The court explained that the applicability of the limitation requires “but-for causation,” i.e., the physical impairments alone would not suffice to cause disability (citing Michaels v. Equitable Life Assurance Soc’y of U.S. Emps., Managers & Agents Long-Term Disability Plan, 305 F. App’x 896, 904 (3d Cir. 2009); George v. Reliance Standard Life Ins. Co., 776 F.3d 349, 355-56 (5th Cir. 2015); and Okuno v. Reliance Standard Life Ins. Co., 836 F.3d 600, 609 (6th Cir. 2016). That requirement was unmet based on the court’s finding that “Weyer’s physical conditions independently rendered her unable to work.”
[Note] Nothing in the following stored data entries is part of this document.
lemma gammaB_diff_le:
  assumes B1: "\<forall>j k. continuous_on UNIV (B1 j k)" and B2: "\<forall>j k. continuous_on UNIV (B2 j k)"
    and e: "\<forall>j k w. \<bar>B1 j k w - B2 j k w\<bar> \<le> e"
  shows "\<bar>gammaB B1 x y z - gammaB B2 x y z\<bar> \<le> e * (\<Sum>j\<in>UNIV. \<Sum>k\<in>UNIV. \<bar>y $ j\<bar> * \<bar>z $ k\<bar>)"
    (is "_ \<le> ?C")
proof -
  have "0 \<le> e" by (rule order_trans[OF abs_ge_zero e[rule_format]])
  then have C: "0 \<le> ?C" by (intro mult_nonneg_nonneg sum_nonneg) auto
  note K1 = continuous_on_flux_slices[OF B1] and K2 = continuous_on_flux_slices[OF B2]
  have K: "\<bar>flux_density B1 x y z s t - flux_density B2 x y z s t\<bar> \<le> ?C" for s t
    by (rule flux_density_diff_le[OF e])
  have inner: "\<bar>integral {0..s} (flux_density B1 x y z s) - integral {0..s} (flux_density B2 x y z s)\<bar> \<le> ?C"
    if s: "s \<in> {0..1}" for s
  proof -
    have i1: "flux_density B1 x y z s integrable_on {0..s}" and i2: "flux_density B2 x y z s integrable_on {0..s}"
      using K1(1)[of x y z s] K2(1)[of x y z s]
      by (auto intro!: integrable_continuous_interval intro: continuous_on_subset[of UNIV])
    have "\<bar>integral {0..s} (flux_density B1 x y z s) - integral {0..s} (flux_density B2 x y z s)\<bar>
        = norm (integral {0..s} (\<lambda>t. flux_density B1 x y z s t - flux_density B2 x y z s t))"
      using integral_diff[OF i1 i2] by simp
    also have "\<dots> \<le> integral {0..s} (\<lambda>t. ?C)"
        by (rule integral_norm_bound_integral) (use i1 i2 K integrable_diff[OF i1 i2] in auto)
    also have "\<dots> = s * ?C" using s by simp
    also have "\<dots> \<le> ?C" using s C by (intro mult_left_le_one_le) auto
    finally show ?thesis .
  qed
  have o1: "(\<lambda>s. integral {0..s} (flux_density B1 x y z s)) integrable_on {0..1}"
    and o2: "(\<lambda>s. integral {0..s} (flux_density B2 x y z s)) integrable_on {0..1}"
    using K1(2)[of x y z] K2(2)[of x y z] by (auto intro!: integrable_continuous_interval)
  have "\<bar>gammaB B1 x y z - gammaB B2 x y z\<bar>
      = norm (integral {0..1} (\<lambda>s. integral {0..s} (flux_density B1 x y z s) - integral {0..s} (flux_density B2 x y z s)))"
    unfolding gammaB_eq_flux_density using integral_diff[OF o1 o2] by simp
  also have "\<dots> \<le> integral {0..1} (\<lambda>s::real. ?C)"
    by (intro integral_norm_bound_integral integrable_diff o1 o2) (use inner in auto)
  finally show ?thesis by simp
qed

lemma gammaB_tendsto:
  assumes B: "\<forall>\<^sub>F \<epsilon> in F. \<forall>j k. continuous_on UNIV (B \<epsilon> j k)"
    and B0: "\<forall>j k. continuous_on UNIV (B0 j k)"
    and unif: "\<forall>j k. uniform_limit UNIV (\<lambda>\<epsilon>. B \<epsilon> j k) (B0 j k) F"
  shows "((\<lambda>\<epsilon>. gammaB (B \<epsilon>) x y z) \<longlongrightarrow> gammaB B0 x y z) F"
proof (rule tendstoI)
  fix e :: real assume "e > 0"
  define C where "C = (\<Sum>j\<in>UNIV. \<Sum>k\<in>UNIV. \<bar>y $ j\<bar> * \<bar>z $ k\<bar>)"
  have "C \<ge> 0" unfolding C_def by (auto intro!: sum_nonneg)
  define e' where "e' = e / (C + 1)"
  have "e' > 0" using \<open>e > 0\<close> \<open>C \<ge> 0\<close> by (simp add: e'_def)
  have "e' * C = e * (C / (C + 1))" by (simp add: e'_def)
  also have "\<dots> < e * 1" using \<open>e > 0\<close> \<open>C \<ge> 0\<close> by (intro mult_strict_left_mono) auto
  finally have "e' * C < e" by simp
  have "\<forall>\<^sub>F \<epsilon> in F. \<forall>x. dist (B \<epsilon> j k x) (B0 j k x) < e'" for j k
    using unif \<open>e' > 0\<close> by (simp add: uniform_limit_iff)
  then have "\<forall>\<^sub>F \<epsilon> in F. \<forall>j k x. dist (B \<epsilon> j k x) (B0 j k x) < e'"
    by (intro eventually_all_finite)
  with B show "\<forall>\<^sub>F \<epsilon> in F. dist (gammaB (B \<epsilon>) x y z) (gammaB B0 x y z) < e"
  proof eventually_elim
    case (elim \<epsilon>)
    then have "\<bar>gammaB (B \<epsilon>) x y z - gammaB B0 x y z\<bar> \<le> e' * C"
      unfolding C_def by (intro gammaB_diff_le B0) (auto simp: dist_real_def intro: less_imp_le)
    with \<open>e' * C < e\<close> show ?case by (simp add: dist_real_def)
  qed
qed
(* Let $\mathfrak{b}\subset\mathfrak{g}=\mathfrak{gl}(n+1,\mathbb{C})$ be a Borel subalgebra containing the Cartan subalgebra of diagonal matrices. Then $\mathfrak{b}$ contains strongly regular elements of $\mathfrak{g}$.
   Context: For $x\in\mathfrak{g}$ and $1\le i\le n+1$, $x_i$ denotes the upper left $i\times i$ submatrix of $x$, and $f_{i,j}(x)=\mathrm{Tr}(x_i^j)$ for $1\le j\le i\le n+1$. An element $x\in\mathfrak{g}$ is strongly regular if the differentials $\{df_{i,j}(x):1\le j\le i\le n+1\}$ are linearly independent in $T_x^*\mathfrak{g}$. *)

theory Defs
  imports "HOL-Analysis.Derivative" "Jordan_Normal_Form.Matrix"
begin

text \<open>Complex N x N matrices (here N = n+1) are elements of carrier_mat N N,
  i.e. the Lie algebra gl(N, C) with bracket [a,b] = a*b - b*a.\<close>

definition lie_bracket :: "complex mat \<Rightarrow> complex mat \<Rightarrow> complex mat" where
  "lie_bracket a b = a * b - b * a"

fun mat_lincomb :: "nat \<Rightarrow> (nat \<Rightarrow> complex) \<Rightarrow> (nat \<Rightarrow> complex mat) \<Rightarrow> nat \<Rightarrow> complex mat" where
  "mat_lincomb N c A 0 = 0\<^sub>m N N"
| "mat_lincomb N c A (Suc m) = mat_lincomb N c A m + c m \<cdot>\<^sub>m A m"

definition mat_span :: "nat \<Rightarrow> complex mat set \<Rightarrow> complex mat set" where
  "mat_span N S = {mat_lincomb N c A m | c A m. \<forall>k<m. A k \<in> S}"

definition lie_subalgebra :: "nat \<Rightarrow> complex mat set \<Rightarrow> bool" where
  "lie_subalgebra N L \<longleftrightarrow> L \<subseteq> carrier_mat N N \<and> 0\<^sub>m N N \<in> L
     \<and> (\<forall>a\<in>L. \<forall>b\<in>L. a + b \<in> L)
     \<and> (\<forall>t. \<forall>a\<in>L. t \<cdot>\<^sub>m a \<in> L)
     \<and> (\<forall>a\<in>L. \<forall>b\<in>L. lie_bracket a b \<in> L)"

fun derived_series :: "nat \<Rightarrow> complex mat set \<Rightarrow> nat \<Rightarrow> complex mat set" where
  "derived_series N L 0 = L"
| "derived_series N L (Suc k) =
     mat_span N {lie_bracket a b | a b. a \<in> derived_series N L k \<and> b \<in> derived_series N L k}"

definition solvable_lie :: "nat \<Rightarrow> complex mat set \<Rightarrow> bool" where
  "solvable_lie N L \<longleftrightarrow> (\<exists>k. derived_series N L k = {0\<^sub>m N N})"

definition borel_subalgebra :: "nat \<Rightarrow> complex mat set \<Rightarrow> bool" where
  "borel_subalgebra N B \<longleftrightarrow> lie_subalgebra N B \<and> solvable_lie N B
     \<and> (\<forall>B'. lie_subalgebra N B' \<and> solvable_lie N B' \<and> B \<subseteq> B' \<longrightarrow> B' = B)"

definition diagonal_cartan :: "nat \<Rightarrow> complex mat set" where
  "diagonal_cartan N = {x \<in> carrier_mat N N. \<forall>i<N. \<forall>j<N. i \<noteq> j \<longrightarrow> x $$ (i, j) = 0}"

definition upper_left :: "nat \<Rightarrow> complex mat \<Rightarrow> complex mat" where
  "upper_left i x = mat i i (\<lambda>(a, b). x $$ (a, b))"

definition mat_trace :: "complex mat \<Rightarrow> complex" where
  "mat_trace A = (\<Sum>k<dim_row A. A $$ (k, k))"

definition f_ij :: "nat \<Rightarrow> nat \<Rightarrow> complex mat \<Rightarrow> complex" where
  "f_ij i j x = mat_trace (upper_left i x ^\<^sub>m j)"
As to the issue of “but-for causation” being necessary before a disability insurance policy’s mental and nervous disorder limitation is applicable, the court could have also cited Krolnik v. Prudential Insurance Company of America, 570 F.3d 841, 844 (7th Cir. 2009), which pronounced: “If [Paul] Krolnik’s limitations today are entirely physical (or if physical problems disable him no matter what his mental state), then benefits are available under this policy.”
Thus, if a disability insurance policy limits benefits for behavioral health conditions as most do, the limitation applies only if the claimant’s behavioral health condition is either the sole cause of the disability or enough of a factor that co-morbid physical conditions would not suffice to account for the disability.
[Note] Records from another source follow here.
(* Let $H$ be a normal subgroup of a group $G$. If $H$ and $G/H$ are Jordan groups, then any set of pairwise nonisomorphic simple nonabelian finite subgroups of $G$ is finite.
   Context: A group $G$ is called Jordan if there exists a positive integer $d$, depending only on $G$, such that every finite subgroup $K$ of $G$ contains a normal abelian subgroup of index at most $d$ in $K$. *)

theory Defs
  imports "HOL-Algebra.Algebra"
begin

definition jordan_group :: "('a, 'b) monoid_scheme \<Rightarrow> bool" where
  "jordan_group G \<longleftrightarrow> group G \<and>
     (\<exists>d::nat. d > 0 \<and>
        (\<forall>K. subgroup K G \<and> finite K \<longrightarrow>
           (\<exists>A. A \<lhd> (G\<lparr>carrier := K\<rparr>) \<and> comm_group (G\<lparr>carrier := A\<rparr>) \<and>
                card K \<le> d * card A)))"

end

theory Submission imports Defs begin

text \<open>A finite simple nonabelian subgroup K of G meets the normal subgroup H either in all
of K or trivially, so K is isomorphic to a subgroup of H or of G/H. In a Jordan group with
constant d such a K has a normal abelian subgroup of index at most d, which simplicity forces
to be trivial, so card K \<le> d. With the orders bounded, K is determined up to isomorphism by
one of finitely many multiplication tables.\<close>

definition mult_table :: "('a, 'b) monoid_scheme \<Rightarrow> (nat \<Rightarrow> 'a) \<Rightarrow> nat \<Rightarrow> nat \<Rightarrow> nat \<Rightarrow> nat" where
  "mult_table M f n = (\<lambda>i\<in>{..<n}. \<lambda>j\<in>{..<n}. inv_into {..<n} f (f i \<otimes>\<^bsub>M\<^esub> f j))"

lemma mult_table_in_PiE:
  assumes "monoid M" and "bij_betw f {..<n} (carrier M)"
  shows "mult_table M f n \<in> {..<n} \<rightarrow>\<^sub>E {..<n} \<rightarrow>\<^sub>E {..<n}"
proof -
  have "inv_into {..<n} f (f i \<otimes>\<^bsub>M\<^esub> f j) < n" if "i < n" "j < n" for i j
  proof -
    have "f i \<in> carrier M" "f j \<in> carrier M" using assms(2) that by (auto dest: bij_betwE)
    then have "f i \<otimes>\<^bsub>M\<^esub> f j \<in> f ` {..<n}"
      using assms by (simp add: bij_betw_def monoid.m_closed)
    then show ?thesis by (metis inv_into_into lessThan_iff)
  qed
  then show ?thesis unfolding mult_table_def by (auto simp: restrict_PiE_iff)
qed

lemma iso_if_mult_table_eq:
  assumes "monoid M" "monoid N"
    and f: "bij_betw f {..<n} (carrier M)" and g: "bij_betw g {..<n} (carrier N)"
    and eq: "mult_table M f n = mult_table N g n"
  shows "M \<cong> N"
proof -
  define h where "h = g \<circ> inv_into {..<n} f"
  have h_bij: "bij_betw h (carrier M) (carrier N)"
    unfolding h_def using bij_betw_trans[OF bij_betw_inv_into[OF f] g] .
  have h_mult: "h (f i \<otimes>\<^bsub>M\<^esub> f j) = h (f i) \<otimes>\<^bsub>N\<^esub> h (f j)" if "i < n" "j < n" for i j
  proof -
    have "g j \<in> carrier N" "g i \<in> carrier N" using g that by (auto dest: bij_betwE)
    then have "g i \<otimes>\<^bsub>N\<^esub> g j \<in> g ` {..<n}"
      using g \<open>monoid N\<close> by (simp add: bij_betw_def monoid.m_closed)
    moreover have "inv_into {..<n} f (f i \<otimes>\<^bsub>M\<^esub> f j) = inv_into {..<n} g (g i \<otimes>\<^bsub>N\<^esub> g j)"
      using fun_cong[OF fun_cong[OF eq, of i], of j] that by (simp add: mult_table_def)
    moreover have "inv_into {..<n} f (f i) = i" "inv_into {..<n} f (f j) = j"
      using f that by (simp_all add: bij_betw_def)
    ultimately show ?thesis by (simp add: h_def f_inv_into_f)
  qed
  have "h \<in> hom M N"
  proof (rule homI)
    show "h x \<in> carrier N" if "x \<in> carrier M" for x
      using h_bij that by (auto dest: bij_betwE)
    show "h (x \<otimes>\<^bsub>M\<^esub> y) = h x \<otimes>\<^bsub>N\<^esub> h y" if xy: "x \<in> carrier M" "y \<in> carrier M" for x y
    proof -
      obtain i j where "i < n" "j < n" "x = f i" "y = f j"
        using f xy unfolding bij_betw_def by (metis imageE lessThan_iff)
      then show ?thesis using h_mult by simp
    qed
  qed
  then show ?thesis using h_bij by (intro is_isoI isoI)
qed

lemma finite_if_pairwise_non_iso_card_bounded:
  fixes \<M> :: "('a, 'b) monoid_scheme set"
  assumes bounded: "\<And>M. M \<in> \<M> \<Longrightarrow> monoid M \<and> finite (carrier M) \<and> card (carrier M) \<le> n"
    and non_iso: "\<And>M N. M \<in> \<M> \<Longrightarrow> N \<in> \<M> \<Longrightarrow> M \<cong> N \<Longrightarrow> M = N"
  shows "finite \<M>"
proof -
  define enum :: "('a, 'b) monoid_scheme \<Rightarrow> nat \<Rightarrow> 'a" where
    "enum M = (SOME f. bij_betw f {..<card (carrier M)} (carrier M))" for M
  have enum: "bij_betw (enum M) {..<card (carrier M)} (carrier M)" if "M \<in> \<M>" for M
  proof -
    have "\<exists>f. bij_betw f {..<card (carrier M)} (carrier M)"
      using ex_bij_betw_nat_finite[of "carrier M"] bounded[OF that] by (simp add: atLeast0LessThan)
    then show ?thesis unfolding enum_def by (rule someI_ex)
  qed
  define table where "table M = (card (carrier M), mult_table M (enum M) (card (carrier M)))" for M
  have "table M \<in> (\<Union>m\<le>n. {m} \<times> ({..<m} \<rightarrow>\<^sub>E {..<m} \<rightarrow>\<^sub>E {..<m}))" if "M \<in> \<M>" for M
    using bounded[OF that] mult_table_in_PiE[OF _ enum[OF that]] by (auto simp: table_def)
  then have "table ` \<M> \<subseteq> (\<Union>m\<le>n. {m} \<times> ({..<m} \<rightarrow>\<^sub>E {..<m} \<rightarrow>\<^sub>E {..<m}))"
    by blast
  moreover have "finite (\<Union>m\<le>n. {m} \<times> ({..<m} \<rightarrow>\<^sub>E {..<m} \<rightarrow>\<^sub>E {..<m}))"
    by (intro finite_UN_I finite_cartesian_product finite_PiE) auto
  ultimately have "finite (table ` \<M>)"
    by (rule finite_subset)
  moreover have "inj_on table \<M>"
  proof (rule inj_onI)
    fix M N assume M: "M \<in> \<M>" and N: "N \<in> \<M>" and "table M = table N"
    then have card: "card (carrier M) = card (carrier N)"
      and table: "mult_table M (enum M) (card (carrier N)) = mult_table N (enum N) (card (carrier N))"
      by (auto simp: table_def)
    have "bij_betw (enum M) {..<card (carrier N)} (carrier M)" using enum[OF M] card by simp
    then have "M \<cong> N"
      using bounded[OF M] bounded[OF N] by (intro iso_if_mult_table_eq[OF _ _ _ enum[OF N] table]) auto
    then show "M = N" using non_iso M N by blast
  qed
  ultimately show ?thesis by (rule finite_imageD)
qed

lemma finite_if_pairwise_non_iso_subgroups_card_bounded:
  assumes "group G"
    and bounded: "\<And>K. K \<in> S \<Longrightarrow> subgroup K G \<and> finite K \<and> card K \<le> n"
    and non_iso: "\<And>K L. K \<in> S \<Longrightarrow> L \<in> S \<Longrightarrow> K \<noteq> L \<Longrightarrow> \<not> (G\<lparr>carrier := K\<rparr> \<cong> G\<lparr>carrier := L\<rparr>)"
  shows "finite S"
proof -
  have "finite ((\<lambda>K. G\<lparr>carrier := K\<rparr>) ` S)"
  proof (rule finite_if_pairwise_non_iso_card_bounded)
    fix M assume "M \<in> (\<lambda>K. G\<lparr>carrier := K\<rparr>) ` S"
    then obtain K where "K \<in> S" "M = G\<lparr>carrier := K\<rparr>" by blast
    then show "monoid M \<and> finite (carrier M) \<and> card (carrier M) \<le> n"
      using bounded group.is_monoid[OF group.subgroup_imp_group[OF \<open>group G\<close>]] by simp
  next
    fix M N assume "M \<in> (\<lambda>K. G\<lparr>carrier := K\<rparr>) ` S" "N \<in> (\<lambda>K. G\<lparr>carrier := K\<rparr>) ` S" "M \<cong> N"
    then obtain K L where "K \<in> S" "L \<in> S" "M = G\<lparr>carrier := K\<rparr>" "N = G\<lparr>carrier := L\<rparr>"
      by blast
    with \<open>M \<cong> N\<close> show "M = N" using non_iso by (cases "K = L") auto
  qed
  moreover have "inj_on (\<lambda>K. G\<lparr>carrier := K\<rparr>) S"
  proof (rule inj_onI)
    fix K L assume "G\<lparr>carrier := K\<rparr> = G\<lparr>carrier := L\<rparr>"
    then have "carrier (G\<lparr>carrier := K\<rparr>) = carrier (G\<lparr>carrier := L\<rparr>)" by (rule arg_cong)
    then show "K = L" by simp
  qed
  ultimately show ?thesis by (rule finite_imageD)
qed

lemma simple_nonabelian_iso:
  assumes "G \<cong> F" "group F" "simple_group G" "\<not> comm_group G"
  shows "simple_group F" "\<not> comm_group F"
proof -
  interpret simple_group G by fact
  show "simple_group F"
    using assms(1,2) iso_simple by (auto simp: is_iso_def)
  show "\<not> comm_group F"
  proof
    assume "comm_group F"
    then show False
      using comm_group.iso_imp_comm_group[OF _ iso_sym[OF assms(1)] is_monoid] assms(4) by blast
  qed
qed

lemma jordan_group_simple_subgroups_card_bounded:
  assumes "jordan_group G"
  obtains d where "\<And>K. subgroup K G \<Longrightarrow> finite K \<Longrightarrow> simple_group (G\<lparr>carrier := K\<rparr>) \<Longrightarrow>
      \<not> comm_group (G\<lparr>carrier := K\<rparr>) \<Longrightarrow> card K \<le> d"
proof -
  obtain d where d: "\<And>K. subgroup K G \<Longrightarrow> finite K \<Longrightarrow> \<exists>A. A \<lhd> G\<lparr>carrier := K\<rparr> \<and>
      comm_group (G\<lparr>carrier := A\<rparr>) \<and> card K \<le> d * card A"
    using assms unfolding jordan_group_def by blast
  have "card K \<le> d" if K: "subgroup K G" "finite K" "simple_group (G\<lparr>carrier := K\<rparr>)"
      "\<not> comm_group (G\<lparr>carrier := K\<rparr>)" for K
  proof -
    interpret simple_group "G\<lparr>carrier := K\<rparr>" by fact
    obtain A where A: "A \<lhd> G\<lparr>carrier := K\<rparr>" "comm_group (G\<lparr>carrier := A\<rparr>)" "card K \<le> d * card A"
      using d K by blast
    have "A \<noteq> K" using A(2) K(4) by auto
    then have "A = {\<one>\<^bsub>G\<^esub>}" using no_real_normal_subgroup[OF A(1)] by simp
    then show ?thesis using A(3) by simp
  qed
  then show thesis by (rule that)
qed

lemma (in normal) simple_subgroup_subset_or_Int_trivial:
  assumes "subgroup K G" "simple_group (G\<lparr>carrier := K\<rparr>)"
  shows "K \<subseteq> H \<or> H \<inter> K = {\<one>}"
  using simple_group.no_real_normal_subgroup[OF assms(2) normal_Int_subgroup[OF assms(1) normal_axioms]]
  by auto

lemma (in group_hom) iso_onto_image_of_inj_on_subgroup:
  assumes "subgroup K G" "inj_on h K"
  shows "G\<lparr>carrier := K\<rparr> \<cong> H\<lparr>carrier := h ` K\<rparr>"
proof (rule is_isoI)
  show "h \<in> iso (G\<lparr>carrier := K\<rparr>) (H\<lparr>carrier := h ` K\<rparr>)"
    using group_hom.homh[OF induced_group_hom[OF assms(1)]] assms(2) by (simp add: iso_def bij_betw_def)
qed

lemma (in normal) group_hom_r_coset_Mod: "group_hom G (G Mod H) (\<lambda>a. H #> a)"
  using r_coset_hom_Mod factorgroup_is_group by (simp add: group_hom_def group_hom_axioms_def)

lemma (in normal) iso_quotient_image_if_Int_trivial:
  assumes K: "subgroup K G" and trivial: "H \<inter> K = {\<one>}"
  shows "G\<lparr>carrier := K\<rparr> \<cong> (G Mod H)\<lparr>carrier := (\<lambda>a. H #> a) ` K\<rparr>"
proof -
  interpret coset: group_hom G "G Mod H" "\<lambda>a. H #> a" by (rule group_hom_r_coset_Mod)
  have "H #> x = H \<longleftrightarrow> x \<in> H" if "x \<in> K" for x
    using coset_join1 coset_join2 subgroup.mem_carrier[OF K that] subgroup_axioms by blast
  then have "kernel (G\<lparr>carrier := K\<rparr>) (G Mod H) (\<lambda>a. H #> a) = H \<inter> K"
    by (auto simp: kernel_def FactGroup_def)
  then have "inj_on (\<lambda>a. H #> a) K"
    using coset.inj_on_subgroup_iff_trivial_ker[OF K] trivial by simp
  then show ?thesis by (rule coset.iso_onto_image_of_inj_on_subgroup[OF K])
qed

lemma (in normal) simple_subgroups_card_bounded_if_jordan:
  assumes "jordan_group (G\<lparr>carrier := H\<rparr>)" "jordan_group (G Mod H)"
  obtains d where "\<And>K. subgroup K G \<Longrightarrow> finite K \<Longrightarrow> simple_group (G\<lparr>carrier := K\<rparr>) \<Longrightarrow>
      \<not> comm_group (G\<lparr>carrier := K\<rparr>) \<Longrightarrow> card K \<le> d"
proof -
  obtain d\<^sub>H where d\<^sub>H: "\<And>K. subgroup K (G\<lparr>carrier := H\<rparr>) \<Longrightarrow> finite K \<Longrightarrow>
      simple_group (G\<lparr>carrier := K\<rparr>) \<Longrightarrow> \<not> comm_group (G\<lparr>carrier := K\<rparr>) \<Longrightarrow> card K \<le> d\<^sub>H"
    using jordan_group_simple_subgroups_card_bounded[OF assms(1)] by auto
  obtain d\<^sub>Q where d\<^sub>Q: "\<And>K. subgroup K (G Mod H) \<Longrightarrow> finite K \<Longrightarrow>
      simple_group ((G Mod H)\<lparr>carrier := K\<rparr>) \<Longrightarrow> \<not> comm_group ((G Mod H)\<lparr>carrier := K\<rparr>) \<Longrightarrow>
      card K \<le> d\<^sub>Q"
    using jordan_group_simple_subgroups_card_bounded[OF assms(2)] by auto
  have "card K \<le> max d\<^sub>H d\<^sub>Q" if K: "subgroup K G" "finite K" "simple_group (G\<lparr>carrier := K\<rparr>)"
      "\<not> comm_group (G\<lparr>carrier := K\<rparr>)" for K
  proof -
    consider "K \<subseteq> H" | "H \<inter> K = {\<one>}"
      using simple_subgroup_subset_or_Int_trivial K by blast
    then show ?thesis
    proof cases
      case 1
      then have "subgroup K (G\<lparr>carrier := H\<rparr>)"
        using subgroup_incl[OF K(1) subgroup_axioms] by simp
      then have "card K \<le> d\<^sub>H" using d\<^sub>H K(2-4) by blast
      then show ?thesis by simp
    next
      case 2
      let ?K' = "(\<lambda>a. H #> a) ` K"
      have iso: "G\<lparr>carrier := K\<rparr> \<cong> (G Mod H)\<lparr>carrier := ?K'\<rparr>"
        using iso_quotient_image_if_Int_trivial[OF K(1) 2] .
      have K': "subgroup ?K' (G Mod H)"
        by (rule group_hom.subgroup_img_is_subgroup[OF group_hom_r_coset_Mod K(1)])
      have "group ((G Mod H)\<lparr>carrier := ?K'\<rparr>)"
        by (rule group.subgroup_imp_group[OF factorgroup_is_group K'])
      then have "card ?K' \<le> d\<^sub>Q"
        using d\<^sub>Q[OF K' finite_imageI[OF K(2)]] simple_nonabelian_iso[OF iso _ K(3,4)] by blast
      moreover have "card ?K' = card K" using iso_same_card[OF iso] by simp
      ultimately show ?thesis by simp
    qed
  qed
  then show thesis by (rule that)
qed

theorem theorem1p12:
  fixes G :: "('a, 'b) monoid_scheme" and H :: "'a set" and S :: "'a set set"
  assumes "group G"
    and "H \<lhd> G"
    and "jordan_group (G\<lparr>carrier := H\<rparr>)"
    and "jordan_group (G Mod H)"
    and "\<And>K. K \<in> S \<Longrightarrow> subgroup K G \<and> finite K \<and>
             simple_group (G\<lparr>carrier := K\<rparr>) \<and> \<not> comm_group (G\<lparr>carrier := K\<rparr>)"
    and "\<And>K L. K \<in> S \<Longrightarrow> L \<in> S \<Longrightarrow> K \<noteq> L \<Longrightarrow>
             \<not> (G\<lparr>carrier := K\<rparr> \<cong> G\<lparr>carrier := L\<rparr>)"
  shows "finite S"
proof -
  interpret normal H G by fact
  obtain d where d: "\<And>K. subgroup K G \<Longrightarrow> finite K \<Longrightarrow> simple_group (G\<lparr>carrier := K\<rparr>) \<Longrightarrow>
      \<not> comm_group (G\<lparr>carrier := K\<rparr>) \<Longrightarrow> card K \<le> d"
    using simple_subgroups_card_bounded_if_jordan[OF assms(3,4)] by blast
  show ?thesis
  proof (rule finite_if_pairwise_non_iso_subgroups_card_bounded[OF assms(1) _ assms(6)])
    show "subgroup K G \<and> finite K \<and> card K \<le> d" if "K \<in> S" for K
      using assms(5)[OF that] d by blast
  qed
qed

end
On the larger issue, the Weyer case illustrates a key distinction between the two standards of judicial review that are applied in ERISA denial-of-benefits cases — de novo or arbitrary and capricious. The arbitrary and capricious standard applies if the plan contains language stating the insurer has the “discretion” to make a benefit eligibility determination. However, including such language in an insured health or disability plan issued or delivered in Illinois is unlawful according to 50 Ill. Admin. Code § 2001.3.
Where the arbitrary and capricious standard of review applies, though, courts uphold benefit denials so long as they are “reasonable.” Thus, given the discussion in the Weyer opinion acknowledging the existence of evidence supporting Reliance Standard’s determination, the outcome would have been completely different had the court not applied the de novo standard of judicial review.
What is particularly odd about most ERISA cases, though, is that while the Krolnik ruling states a trial is appropriate when the de novo standard applies, the 7th Circuit stands alone among the circuits in permitting trials.
In every other federal circuit, courts adjudicate ERISA cases as file-review proceedings. Even in the 7th Circuit, most ERISA cases are decided based on the parties’ submission of a record to the court to conduct a trial on the papers.
While doing so promotes efficiency, what is lost is the ability of the trier of fact to evaluate the credibility of witnesses, although that was obviously not required in Weyer since the district court was persuaded both by the quantity and quality of the evidence presented.
Mark DeBofsky is a shareholder at DeBofsky Law Ltd.